O esporte mundial perdeu hoje um de seus maiores ícones. Oscar Daniel Bezerra Schmidt, o "Mão Santa", morreu nesta sexta-feira (17), aos 68 anos, em sua residência em Santana de Parnaíba, na Grande São Paulo. A informação foi confirmada por familiares e pela equipe médica do Hospital Municipal Santa Ana, onde o ex-atleta chegou a ser levado após sofrer um mal-estar súbito.

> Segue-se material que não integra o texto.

(* Let $\beta\in\mathcal{A}$ and $\lambda\in N_\beta$ with $\lambda_\beta=-1$ and $\sigma_X(-\mathcal{A}\lambda)<\infty$. Then the dual cone of $C_X(\mathcal{A},\lambda)$ (in $\mathbb{R}^{\mathcal{A}}$ with the standard inner product) is \[C_X(\mathcal{A},\lambda)^*=\Big\{v\in\mathbb{R}^{\mathcal{A}}_+:\ \exp(\sigma_X(-\mathcal{A}\lambda))\prod_{\alpha\in\lambda^+}v_\alpha^{\lambda_\alpha}\ge v_\beta\Big\}.\]
   Context: $X\subset\mathbb{R}^n$ is a nonempty closed convex set and $\mathcal{A}\subset\mathbb{R}^n$ a nonempty finite set. $\mathbb{R}^{\mathcal{A}}$ denotes real vectors indexed by $\mathcal{A}$. $\mathcal{A}\nu=\sum_\alpha\alpha\nu_\alpha$. $\sigma_X(y)=\sup\{y^Tx:x\in X\}$. $N_\beta=\{\nu\in\mathbb{R}^{\mathcal{A}}:\nu_\alpha\ge0\ \forall\alpha\neq\beta,\ \sum_\alpha\nu_\alpha=0\}$. $\lambda^+=\{\alpha:\lambda_\alpha>0\}$. For $\lambda\in N_\beta$ with $\lambda_\beta=-1$ and $\sigma_X(-\mathcal{A}\lambda)<\infty$, the $\lambda$-witnessed AGE cone is $C_X(\mathcal{A},\lambda)=\{c\in\mathbb{R}^{\mathcal{A}}: c_\alpha\ge0\ \forall\alpha\neq\beta,\ \prod_{\alpha\in\lambda^+}(c_\alpha/\lambda_\alpha)^{\lambda_\alpha}\ge -c_\beta\exp(\sigma_X(-\mathcal{A}\lambda))\}$. The dual cone of $K$ is $K^*=\{v:v^Tc\ge0\ \forall c\in K\}$. *)

theory Defs
  imports "HOL-Analysis.Analysis"
begin

text \<open>Vectors in R^A are functions on points of R^n that vanish outside A.\<close>
definition RA :: "(real^'n) set \<Rightarrow> ((real^'n) \<Rightarrow> real) set" where
  "RA A = {c. \<forall>\<alpha>. \<alpha> \<notin> A \<longrightarrow> c \<alpha> = 0}"

definition Amul :: "(real^'n) set \<Rightarrow> ((real^'n) \<Rightarrow> real) \<Rightarrow> real^'n" where
  "Amul A \<nu> = (\<Sum>\<alpha>\<in>A. \<nu> \<alpha> *\<^sub>R \<alpha>)"

text \<open>Support function; meaningful (finite) when the set of values is bounded above.\<close>
definition sigma :: "(real^'n) set \<Rightarrow> real^'n \<Rightarrow> real" where
  "sigma X y = Sup ((\<lambda>x. y \<bullet> x) ` X)"

definition sigma_finite :: "(real^'n) set \<Rightarrow> real^'n \<Rightarrow> bool" where
  "sigma_finite X y \<longleftrightarrow> bdd_above ((\<lambda>x. y \<bullet> x) ` X)"

definition Nbeta :: "(real^'n) set \<Rightarrow> real^'n \<Rightarrow> ((real^'n) \<Rightarrow> real) set" where
  "Nbeta A \<beta> = {\<nu> \<in> RA A. (\<forall>\<alpha>\<in>A. \<alpha> \<noteq> \<beta> \<longrightarrow> \<nu> \<alpha> \<ge> 0) \<and> (\<Sum>\<alpha>\<in>A. \<nu> \<alpha>) = 0}"

definition pos_supp :: "(real^'n) set \<Rightarrow> ((real^'n) \<Rightarrow> real) \<Rightarrow> (real^'n) set" where
  "pos_supp A lam = {\<alpha> \<in> A. lam \<alpha> > 0}"

definition AGE_cone :: "(real^'n) set \<Rightarrow> (real^'n) set \<Rightarrow> real^'n \<Rightarrow> ((real^'n) \<Rightarrow> real)
    \<Rightarrow> ((real^'n) \<Rightarrow> real) set" where
  "AGE_cone X A \<beta> lam = {c \<in> RA A. (\<forall>\<alpha>\<in>A. \<alpha> \<noteq> \<beta> \<longrightarrow> c \<alpha> \<ge> 0) \<and>
      (\<Prod>\<alpha>\<in>pos_supp A lam. (c \<alpha> / lam \<alpha>) powr (lam \<alpha>))
        \<ge> - c \<beta> * exp (sigma X (- Amul A lam))}"

definition dual_cone :: "(real^'n) set \<Rightarrow> ((real^'n) \<Rightarrow> real) set \<Rightarrow> ((real^'n) \<Rightarrow> real) set" where
  "dual_cone A K = {v \<in> RA A. \<forall>c\<in>K. (\<Sum>\<alpha>\<in>A. v \<alpha> * c \<alpha>) \<ge> 0}"

end

theory Submission
  imports Defs
begin

text \<open>
  Write \<open>P = \<lambda>\<^sup>+\<close> and \<open>E = exp (\<sigma>\<^sub>X (-\<A>\<lambda>))\<close>; the weights \<open>\<lambda>\<^sub>\<alpha>\<close>, \<open>\<alpha> \<in> P\<close>, sum to 1.
  If \<open>v \<ge> 0\<close> satisfies \<open>v\<^sub>\<beta> \<le> E \<Prod> v\<^sub>\<alpha>\<^bsup>\<lambda>\<^sub>\<alpha>\<^esup>\<close>, then for every \<open>c\<close> in the cone the weighted
  AM-GM inequality applied to \<open>v\<^sub>\<alpha> c\<^sub>\<alpha> / \<lambda>\<^sub>\<alpha>\<close> gives
  \<open>\<Sum>\<^sub>P v\<^sub>\<alpha> c\<^sub>\<alpha> \<ge> \<Prod> v\<^sub>\<alpha>\<^bsup>\<lambda>\<^sub>\<alpha>\<^esup> \<Prod> (c\<^sub>\<alpha>/\<lambda>\<^sub>\<alpha>)\<^bsup>\<lambda>\<^sub>\<alpha>\<^esup> \<ge> -v\<^sub>\<beta> c\<^sub>\<beta>\<close>, so \<open>v\<close> is in the dual cone.
  Conversely, pairing a dual vector with unit vectors shows \<open>v \<ge> 0\<close>, and pairing it with
  the boundary point \<open>c\<^sub>\<alpha> = \<lambda>\<^sub>\<alpha> / (v\<^sub>\<alpha> + \<epsilon>)\<close> of the cone yields the product inequality for
  \<open>v + \<epsilon>\<close>; let \<open>\<epsilon> \<rightarrow> 0\<close>.  Only \<open>E > 0\<close> enters.
\<close>

lemma weighted_arith_geom_mean:
  fixes x w :: "'a \<Rightarrow> real"
  assumes "finite S" and w: "\<And>i. i \<in> S \<Longrightarrow> w i > 0" and "sum w S = 1"
    and x: "\<And>i. i \<in> S \<Longrightarrow> x i \<ge> 0"
  shows "(\<Prod>i\<in>S. x i powr w i) \<le> (\<Sum>i\<in>S. w i * x i)"
proof (cases "\<exists>i\<in>S. x i = 0")
  case True
  then have "(\<Prod>i\<in>S. x i powr w i) = 0"
    using \<open>finite S\<close> by auto
  moreover have "(\<Sum>i\<in>S. w i * x i) \<ge> 0"
    using w x by (intro sum_nonneg) (meson less_imp_le mult_nonneg_nonneg)
  ultimately show ?thesis by simp
next
  case False
  have pos: "\<And>i. i \<in> S \<Longrightarrow> x i > 0"
    using False x by force
  have "S \<noteq> {}"
    using \<open>sum w S = 1\<close> by auto
  have "(\<Sum>i\<in>S. w i * ln (x i)) \<le> ln (\<Sum>i\<in>S. w i *\<^sub>R x i)"
  proof (intro concave_on_sum)
    show "concave_on {0<..} ln" by (simp add: ln_concave)
    show "\<And>i. i \<in> S \<Longrightarrow> x i \<in> {0<..}" using pos by auto
  qed (use assms \<open>S \<noteq> {}\<close> in \<open>auto intro: less_imp_le\<close>)
  moreover have "(\<Sum>i\<in>S. w i *\<^sub>R x i) > 0"
    using \<open>finite S\<close> \<open>S \<noteq> {}\<close> w pos by (simp add: sum_pos)
  ultimately have "exp (\<Sum>i\<in>S. w i * ln (x i)) \<le> (\<Sum>i\<in>S. w i * x i)"
    using ln_ge_iff by auto
  moreover have "exp (\<Sum>i\<in>S. w i * ln (x i)) = (\<Prod>i\<in>S. exp (w i * ln (x i)))"
    using \<open>finite S\<close> by (simp add: exp_sum)
  moreover have "\<dots> = (\<Prod>i\<in>S. x i powr w i)"
    using pos by (intro prod.cong) (auto simp: powr_def mult.commute dest: pos less_imp_neq)
  ultimately show ?thesis by simp
qed

lemma prod_powr_mult_prod_powr_le_sum:
  fixes v c w :: "'a \<Rightarrow> real"
  assumes "finite P" and w: "\<And>a. a \<in> P \<Longrightarrow> w a > 0" and "sum w P = 1"
    and v: "\<And>a. a \<in> P \<Longrightarrow> v a \<ge> 0" and c: "\<And>a. a \<in> P \<Longrightarrow> c a \<ge> 0"
  shows "(\<Prod>a\<in>P. v a powr w a) * (\<Prod>a\<in>P. (c a / w a) powr w a) \<le> (\<Sum>a\<in>P. v a * c a)"
proof -
  have "(\<Prod>a\<in>P. v a powr w a) * (\<Prod>a\<in>P. (c a / w a) powr w a)
      = (\<Prod>a\<in>P. (v a * c a / w a) powr w a)"
    by (simp add: prod.distrib[symmetric] powr_mult[symmetric] v c w less_imp_le)
  also have "\<dots> \<le> (\<Sum>a\<in>P. w a * (v a * c a / w a))"
    using assms by (intro weighted_arith_geom_mean) (auto intro!: divide_nonneg_pos)
  also have "\<dots> = (\<Sum>a\<in>P. v a * c a)"
    using w by (intro sum.cong) force+
  finally show ?thesis .
qed

lemma le_prod_powr_of_le_shifted:
  fixes v w :: "'a \<Rightarrow> real"
  assumes v: "\<And>a. a \<in> P \<Longrightarrow> v a \<ge> 0" and w: "\<And>a. a \<in> P \<Longrightarrow> w a > 0"
    and le: "\<And>e. e > 0 \<Longrightarrow> y \<le> E * (\<Prod>a\<in>P. (v a + e) powr w a)"
  shows "y \<le> E * (\<Prod>a\<in>P. v a powr w a)"
proof (rule tendsto_le[OF trivial_limit_at_right_real])
  show "((\<lambda>e. E * (\<Prod>a\<in>P. (v a + e) powr w a)) \<longlongrightarrow> E * (\<Prod>a\<in>P. v a powr w a)) (at_right 0)"
  proof (intro tendsto_mult tendsto_const tendsto_prod)
    fix a assume "a \<in> P"
    have lim: "((\<lambda>e. v a + e) \<longlongrightarrow> v a + 0) (at_right 0)"
      by (intro tendsto_add tendsto_const tendsto_ident_at)
    have "\<forall>\<^sub>F e in at_right 0. v a + e \<ge> 0"
      by (rule eventually_mono[OF eventually_at_right_less]) (use v[OF \<open>a \<in> P\<close>] in simp)
    then show "((\<lambda>e. (v a + e) powr w a) \<longlongrightarrow> v a powr w a) (at_right 0)"
      using tendsto_powr'[OF lim tendsto_const, of "w a"] w[OF \<open>a \<in> P\<close>] by simp
  qed
  show "\<forall>\<^sub>F e in at_right 0. y \<le> E * (\<Prod>a\<in>P. (v a + e) powr w a)"
    by (rule eventually_mono[OF eventually_at_right_less]) (rule le)
qed simp

lemma pos_supp_subset: "pos_supp A lam \<subseteq> A"
  by (auto simp: pos_supp_def)

lemma pos_supp_pos: "\<alpha> \<in> pos_supp A lam \<Longrightarrow> lam \<alpha> > 0"
  by (simp add: pos_supp_def)

lemma not_in_pos_supp: "lam \<beta> = -1 \<Longrightarrow> \<beta> \<notin> pos_supp A lam"
  by (simp add: pos_supp_def)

Oscar travava uma batalha pública e resiliente contra um câncer no cérebro desde 2011. Após anos de tratamento e cirurgias, o ex-jogador havia anunciado em 2022 a interrupção da quimioterapia, afirmando estar em fase de controle da doença. No entanto, seu quadro clínico apresentou uma piora drástica nas últimas semanas.

Nascido em Natal (RN) em 1958, Oscar Schmidt não foi apenas um jogador de basquete, mas um fenômeno estatístico. Com 49.737 pontos marcados ao longo da carreira, ele é reconhecido como um dos maiores pontuadores da história do esporte global.

Seu auge na Seleção Brasileira ocorreu nos Jogos Pan-Americanos de Indianápolis, em 1987. Naquela ocasião, Oscar liderou o Brasil em uma vitória histórica contra os Estados Unidos dentro da casa dos rivais, anotando 46 pontos na final. Em Olimpíadas, ele detém até hoje o recorde de maior cestinha de todos os tempos, com 1.093 pontos acumulados em cinco edições disputadas.

Em 2013, o "Mão Santa" foi imortalizado no Naismith Memorial Basketball Hall of Fame, nos Estados Unidos, a maior honraria que um jogador de basquete pode receber. Mesmo sem nunca ter atuado na NBA — tendo recusado propostas para priorizar a Seleção Brasileira em uma época em que atletas da liga americana não podiam defender seus países —, ele era reverenciado por lendas como Kobe Bryant e Magic Johnson.

O anúncio de sua morte gerou uma onda de homenagens nas redes sociais. Clubes por onde passou, como Corinthians, Palmeiras e o Caserta da Itália, manifestaram profundo pesar. O Comitê Olímpico do Brasil (COB) decretou luto oficial.

Oscar deixa a esposa, Maria Cristina, e dois filhos, Filipe e Stephanie. Segundo a família, o velório será realizado em cerimônia reservada, atendendo a um desejo do próprio atleta. O Brasil se despede hoje não apenas de um arremessador implacável, mas de um símbolo de patriotismo e dedicação absoluta ao esporte.